Laurent Pernot est de la génération de Nicole Loraux et de Monique Trédé, de ces hellénistes qui ont travaillé sur la cité grecque, mesurant sa valeur et son symbole, jugeant son organisme, pointant son idéal, décrivant son horizon d’attente, et comprenant, plus précisément, que le discours, comme œuvre et exercice, est incontournable dans la cité. De l’helléniste décédée il y a presque vingt ans, on se souvient de L’éloge d’Athènes, travail impressionnant sur le discours de Périclès adressé aux Athéniens tel qu’il est rapporté par Thucydide.

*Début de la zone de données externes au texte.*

lemma khat_eq: "khat l ip w = (\<lambda>x. complex_of_real (inverse (hnorm ip (\<lambda>y. l y w))) * l x w)"
  unfolding khat_def by (auto simp: divide_inverse mult.commute)

lemma khat_in_H: "khat l ip w \<in> H"
  unfolding khat_eq using scale_in_H kernel_fun_in_H by blast

lemma inner_mult_kernel_khat:
  assumes "(\<lambda>x. \<psi> x * l x \<mu>) \<in> H"
  shows "ip (\<lambda>x. \<psi> x * l x \<mu>) (khat l ip w)
    = complex_of_real (inverse (hnorm ip (\<lambda>y. l y w))) * (\<psi> w * l w \<mu>)"
  unfolding khat_eq using inner_scale_right[OF kernel_fun_in_H assms] reproducing[OF assms] by simp

lemma contractive_multiplier_le_dist_span:
  assumes \<psi>: "contractive_multiplier H ip \<psi>"
    and A: "finite A" and vanish: "\<And>\<nu>. \<nu> \<in> A \<Longrightarrow> \<psi> \<nu> = 0"
  shows "cmod (\<psi> \<mu>) \<le> dist_span ip (khat l ip \<mu>) (khat l ip) A"
proof (rule dist_span_ge)
  fix c :: "'x \<Rightarrow> complex"
  define N where "N = hnorm ip (\<lambda>y. l y \<mu>)"
  define u where "u = (\<lambda>x. \<psi> x * l x \<mu>)"
  define g where "g = (\<lambda>x. khat l ip \<mu> x - (\<Sum>\<nu>\<in>A. c \<nu> * khat l ip \<nu> x))"
  have N: "N > 0"
    unfolding N_def by (rule kernel_fun_hnorm_pos)
  have u: "u \<in> H" "hnorm ip u \<le> N"
    using \<psi> kernel_fun_in_H unfolding u_def N_def contractive_multiplier_def by auto
  have span: "(\<lambda>x. \<Sum>\<nu>\<in>A. c \<nu> * khat l ip \<nu> x) \<in> H"
    using sum_in_H[OF A] khat_in_H by blast
  have g: "g \<in> H"
    unfolding g_def using diff_in_H[OF khat_in_H span] .
  have "ip u g = ip u (khat l ip \<mu>) - (\<Sum>\<nu>\<in>A. cnj (c \<nu>) * ip u (khat l ip \<nu>))"
    unfolding g_def inner_diff_right[OF khat_in_H span u(1)]
    using inner_sum_right[OF A _ u(1), of "khat l ip" c] khat_in_H by simp
  also have "(\<Sum>\<nu>\<in>A. cnj (c \<nu>) * ip u (khat l ip \<nu>)) = 0"
    using vanish u(1) unfolding u_def by (simp add: inner_mult_kernel_khat)
  also have "ip u (khat l ip \<mu>) = \<psi> \<mu> * complex_of_real N"
    using u(1) N unfolding u_def N_def
    by (simp add: inner_mult_kernel_khat kernel_diag[of \<mu>] power2_eq_square field_simps)
  finally have "cmod (\<psi> \<mu>) * N = cmod (ip u g)"
    using N by (simp add: norm_mult)
  also have "\<dots> \<le> hnorm ip u * hnorm ip g"
    by (rule cauchy_schwarz[OF u(1) g])
  also have "\<dots> \<le> N * hnorm ip g"
    using u(2) hnorm_nonneg[OF g] by (simp add: mult_right_mono)
  finally show "cmod (\<psi> \<mu>) \<le> hnorm ip (\<lambda>x. khat l ip \<mu> x - (\<Sum>\<nu>\<in>A. c \<nu> * khat l ip \<nu> x))"
    using N unfolding g_def by (simp add: mult.commute)
qed
(* Let $J\subseteq S$ and $s\in S$. (1) If $s\in J$, then modulo $G_q(\emptyset)$, $\tau^+_Jt_s$ reduces to $(-1)^{\#J+1}q\tau^-_J$ and $\tau^-_Jt_s$ reduces to $(-1)^{\#J+1}\tau^+_J$. (2) If $s\notin J$ and $J''=\{j\in J\mid s<j\}$, then modulo $G_q(\emptyset)$, $\tau^+_Jt_s$ reduces to $(-1)^{\#J''}\tau^+_{J\cup\{s\}}+(-1)^{\#J+1}q\tau^-_J$ and $\tau^-_Jt_s$ reduces to $(-1)^{\#J''}\tau^-_{J\cup\{s\}}+(-1)^{\#J+1}\tau^+_J$.
   Context: $S$ is a finite set with a total order $<$, $R$ a commutative ring with $1$, $q\in R$, $A=R\langle t_s\mid s\in S\rangle$. For $J=\{j_1<\dots<j_{\#J}\}$, $t_J=t_{j_1}\cdots t_{j_{\#J}}$; for $I=\{j_{\alpha_1}<\dots<j_{\alpha_{\#I}}\}\subseteq J$, $\ell_J(I)=\sum_\nu(\alpha_\nu-\nu)$; $\tau^-_J=\sum_{I\subseteq J,\ \#I\text{ odd}}(-1)^{\ell_J(I)}(-q)^{(\#I-1)/2}t_{J\setminus I}$, $\tau^+_J=\sum_{I\subseteq J,\ \#I\text{ even}}(-1)^{\ell_J(I)}(-q)^{\#I/2}t_{J\setminus I}$. $G_q(\emptyset)=\{t_s^2-q: s\in S\}\cup\{t_rt_s+t_st_r-2q: s<r\}$, with leading monomials $t_s^2$ and $t_rt_s$ ($s<r$) for the degree lexicographic order (words compared by length, then lexicographically from the left). For a set $\mathcal I$ of elements with leading coefficient $1$, a reduction of $f$ modulo $\mathcal I$ replaces a term $c\,umv$ of $f$, where $m$ is the leading monomial of some $g\in\mathcal I$, by $c\,u(m-g)v$; $f$ reduces to $h$ if $h$ is obtained from $f$ by finitely many (possibly zero) reductions. *)

theory Defs
  imports "HOL-Library.Poly_Mapping"
begin

text \<open>The free algebra A = R<t_s | s in S>: finitely supported maps from words
  (lists of letters) to coefficients. The word [s1,...,sk] is the monomial t_s1...t_sk.\<close>

type_synonym ('s, 'r) ncpoly = "'s list \<Rightarrow>\<^sub>0 'r"

definition ncmult :: "('s, 'r::comm_ring_1) ncpoly \<Rightarrow> ('s, 'r) ncpoly \<Rightarrow> ('s, 'r) ncpoly"
    (infixl "\<cdot>" 70) where
  "p \<cdot> q = (\<Sum>u\<in>Poly_Mapping.keys p. \<Sum>v\<in>Poly_Mapping.keys q. Poly_Mapping.single (u @ v) (Poly_Mapping.lookup p u * Poly_Mapping.lookup q v))"

definition scal :: "'r::comm_ring_1 \<Rightarrow> ('s, 'r) ncpoly \<Rightarrow> ('s, 'r) ncpoly" where
  "scal c p = Poly_Mapping.single [] c \<cdot> p"

definition gen :: "'s \<Rightarrow> ('s, 'r::comm_ring_1) ncpoly" where
  "gen s = Poly_Mapping.single [s] 1"

definition tJ :: "'s::linorder set \<Rightarrow> ('s, 'r::comm_ring_1) ncpoly" where
  "tJ J = Poly_Mapping.single (sorted_list_of_set J) 1"

text \<open>ell_J(I) = sum_nu (alpha_nu - nu), where alpha_nu is the position in J of the
  nu-th smallest element of I (position of i in J = #{j in J. j <= i}).\<close>
definition ellJ :: "'s::linorder set \<Rightarrow> 's set \<Rightarrow> nat" where
  "ellJ J I = (\<Sum>\<nu><card I. card {j\<in>J. j \<le> sorted_list_of_set I ! \<nu>} - (\<nu> + 1))"

definition tau_minus :: "'r::comm_ring_1 \<Rightarrow> 's::linorder set \<Rightarrow> ('s, 'r) ncpoly" where
  "tau_minus q J = (\<Sum>I\<in>{I. I \<subseteq> J \<and> odd (card I)}.
      scal ((-1) ^ ellJ J I * (- q) ^ ((card I - 1) div 2)) (tJ (J - I)))"

definition tau_plus :: "'r::comm_ring_1 \<Rightarrow> 's::linorder set \<Rightarrow> ('s, 'r) ncpoly" where
  "tau_plus q J = (\<Sum>I\<in>{I. I \<subseteq> J \<and> even (card I)}.
      scal ((-1) ^ ellJ J I * (- q) ^ (card I div 2)) (tJ (J - I)))"

definition deglex_less :: "'s::linorder list \<Rightarrow> 's list \<Rightarrow> bool" where
  "deglex_less u v \<longleftrightarrow> length u < length v \<or> (length u = length v \<and> ord_class.lexordp u v)"

definition lm :: "('s::linorder, 'r::comm_ring_1) ncpoly \<Rightarrow> 's list" where
  "lm g = (THE m. m \<in> Poly_Mapping.keys g \<and> (\<forall>w\<in>Poly_Mapping.keys g. w \<noteq> m \<longrightarrow> deglex_less w m))"

definition Gq_empty :: "'s::linorder set \<Rightarrow> 'r::comm_ring_1 \<Rightarrow> ('s, 'r) ncpoly set" where
  "Gq_empty S q = {gen s \<cdot> gen s - Poly_Mapping.single [] q | s. s \<in> S}
     \<union> {gen r \<cdot> gen s + gen s \<cdot> gen r - Poly_Mapping.single [] (2 * q) | r s. s \<in> S \<and> r \<in> S \<and> s < r}"

definition red1 :: "('s::linorder, 'r::comm_ring_1) ncpoly set \<Rightarrow> ('s, 'r) ncpoly \<Rightarrow> ('s, 'r) ncpoly \<Rightarrow> bool" where
  "red1 G f h \<longleftrightarrow> (\<exists>g\<in>G. \<exists>u v. u @ lm g @ v \<in> Poly_Mapping.keys f \<and>
      h = f - Poly_Mapping.single (u @ lm g @ v) (Poly_Mapping.lookup f (u @ lm g @ v))
           + Poly_Mapping.single u (Poly_Mapping.lookup f (u @ lm g @ v)) \<cdot> (Poly_Mapping.single (lm g) 1 - g)
             \<cdot> Poly_Mapping.single v 1)"

definition reduces :: "('s::linorder, 'r::comm_ring_1) ncpoly set \<Rightarrow> ('s, 'r) ncpoly \<Rightarrow> ('s, 'r) ncpoly \<Rightarrow> bool" where
  "reduces G f h \<longleftrightarrow> (red1 G)\<^sup>*\<^sup>* f h"

end

theory Submission
  imports Defs
begin

text \<open>Reduction modulo \<open>G\<^sub>q(\<emptyset>)\<close> sorts words: a descent \<open>t\<^sub>a t\<^sub>a\<close> becomes
  \<open>q\<close>, and \<open>t\<^sub>a t\<^sub>b\<close> with \<open>b < a\<close> becomes \<open>2q - t\<^sub>b t\<^sub>a\<close>. This rewriting terminates,
  so every polynomial reduces to the linear extension of the normal form of its words.

  For \<open>t\<^sub>J\<^sub>\<setminus>\<^sub>I t\<^sub>s\<close> the normal form is explicit: \<open>t\<^sub>s\<close> moves to the left through the
  letters \<open>k \<ge> s\<close> of \<open>J - I\<close>; passing \<open>t\<^sub>k\<close> leaves behind the contraction \<open>2q\<close>
  (or \<open>q\<close> if \<open>k = s\<close>), signed by the number of letters already passed, and at the end
  \<open>s\<close> is inserted with the corresponding sign. Collecting the coefficient of each word
  \<open>t\<^sub>J\<^sub>\<setminus>\<^sub>I\<close> in \<open>\<tau>\<^sup>\<plusminus>\<^sub>J t\<^sub>s\<close>, all contributions are integer multiples of a single
  signed power of \<open>-q\<close>, and the contractions add up to an alternating sum of signs over
  the letters of \<open>I\<close> above \<open>s\<close>, which is \<open>0\<close> or \<open>1\<close>. This collapses the coefficients to
  those of \<open>\<tau>\<^sup>\<mp>\<^sub>J\<close> and \<open>\<tau>\<^sup>\<plusminus>\<^sub>J\<^sub>\<union>\<^sub>{\<^sub>s\<^sub>}\<close>.\<close>

section \<open>Arithmetic in the free algebra\<close>

lemma ncmult_expand:
  assumes "finite U" "finite V" "Poly_Mapping.keys p \<subseteq> U" "Poly_Mapping.keys q \<subseteq> V"
  shows "p \<cdot> q = (\<Sum>u\<in>U. \<Sum>v\<in>V.
    Poly_Mapping.single (u @ v) (Poly_Mapping.lookup p u * Poly_Mapping.lookup q v))"
proof -
  have "p \<cdot> q = (\<Sum>u\<in>Poly_Mapping.keys p. \<Sum>v\<in>V.
      Poly_Mapping.single (u @ v) (Poly_Mapping.lookup p u * Poly_Mapping.lookup q v))"
    unfolding ncmult_def
    by (intro sum.cong refl sum.mono_neutral_left assms) (auto simp: in_keys_iff)
  also have "\<dots> = (\<Sum>u\<in>U. \<Sum>v\<in>V.
      Poly_Mapping.single (u @ v) (Poly_Mapping.lookup p u * Poly_Mapping.lookup q v))"
    by (intro sum.mono_neutral_left assms) (auto simp: in_keys_iff)
  finally show ?thesis .
qed
lemma pos_def_matrix_inv:
  fixes S :: "real^'n::finite^'n"
  assumes S: "pos_def_mat S"
  shows "pos_def_mat (matrix_inv S)"
  unfolding pos_def_mat_def
proof (intro conjI allI impI)
  have iS: "invertible S" using pos_def_invertible[OF S] .
  have St: "transpose S = S" using S by (simp add: pos_def_mat_def)
  have "S ** transpose (matrix_inv S) = mat 1"
    by (metis St matrix_inv_right_left(2)[OF iS] matrix_transpose_mul transpose_mat)
  then show "transpose (matrix_inv S) = matrix_inv S"
    using matrix_inv_unique by metis
  fix x :: "real^'n" assume "x \<noteq> 0"
  define y where "y = matrix_inv S *v x"
  have Sy: "S *v y = x"
    using matrix_inv_right_left(1)[OF iS] by (simp add: y_def matrix_vector_mul_assoc)
  then have "y \<noteq> 0" using \<open>x \<noteq> 0\<close> by auto
  have "x \<bullet> (matrix_inv S *v x) = y \<bullet> (S *v y)"
    using Sy by (simp add: y_def inner_commute)
  then show "x \<bullet> (matrix_inv S *v x) > 0"
    using S \<open>y \<noteq> 0\<close> by (simp add: pos_def_mat_def)
qed

lemma matrix_mult_diagonal_right:
  assumes "\<And>i j. i \<noteq> j \<Longrightarrow> G $ i $ j = 0"
  shows "(X ** G) $ i $ j = X $ i $ j * G $ j $ j"
  unfolding matrix_matrix_mult_def
  using sum_UNIV_eq_single[of j "\<lambda>k. X $ i $ k * G $ k $ j"] assms by simp

lemma matrix_mult_diagonal_left:
  assumes "\<And>i j. i \<noteq> j \<Longrightarrow> G $ i $ j = 0"
  shows "(G ** X) $ i $ j = G $ i $ i * X $ i $ j"
  unfolding matrix_matrix_mult_def
  using sum_UNIV_eq_single[of i "\<lambda>k. G $ i $ k * X $ k $ j"] assms by simp

lemma pos_diag_invertible:
  fixes D :: "real^'n::finite^'n"
  assumes D: "pos_diag D"
  shows "invertible D"
    and "pos_diag (matrix_inv D)"
proof -
  define E :: "real^'n^'n" where "E = (\<chi> i j. if i = j then 1 / D $ i $ i else 0)"
  have "(D ** E) $ i $ j = mat 1 $ i $ j" for i j
    using D by (auto simp: matrix_mult_diagonal_left pos_diag_def E_def mat_1_entry
        dest: less_imp_neq[symmetric])
  then have "D ** E = mat 1" by (simp add: vec_eq_iff)
  then show "invertible D" and "pos_diag (matrix_inv D)"
    using D invertible_right_inverse matrix_inv_unique[of D E]
    by (auto simp: pos_diag_def E_def)
qed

Laurent Pernot est surtout d’un autre lignage qui compte littérateurs, penseurs, lettrés d’exception, habité par le souvenir de Valéry, la présence de Caillois et Thibaudet. Le professeur Pernot avait Marc Fumaroli pour parrain, qui le reçut à l’Académie des Inscriptions des belles lettres, et Jacques de Romilly pour marraine que le seul nom suffit à lier à la Grèce comme une vigile imperturbable, une allégorie de la sagesse, aveugle, âgée, féminine. D’un côté l’Europe galante, de l’autre la Grèce lumineuse ; le tout forme la civilisation que nous aimons.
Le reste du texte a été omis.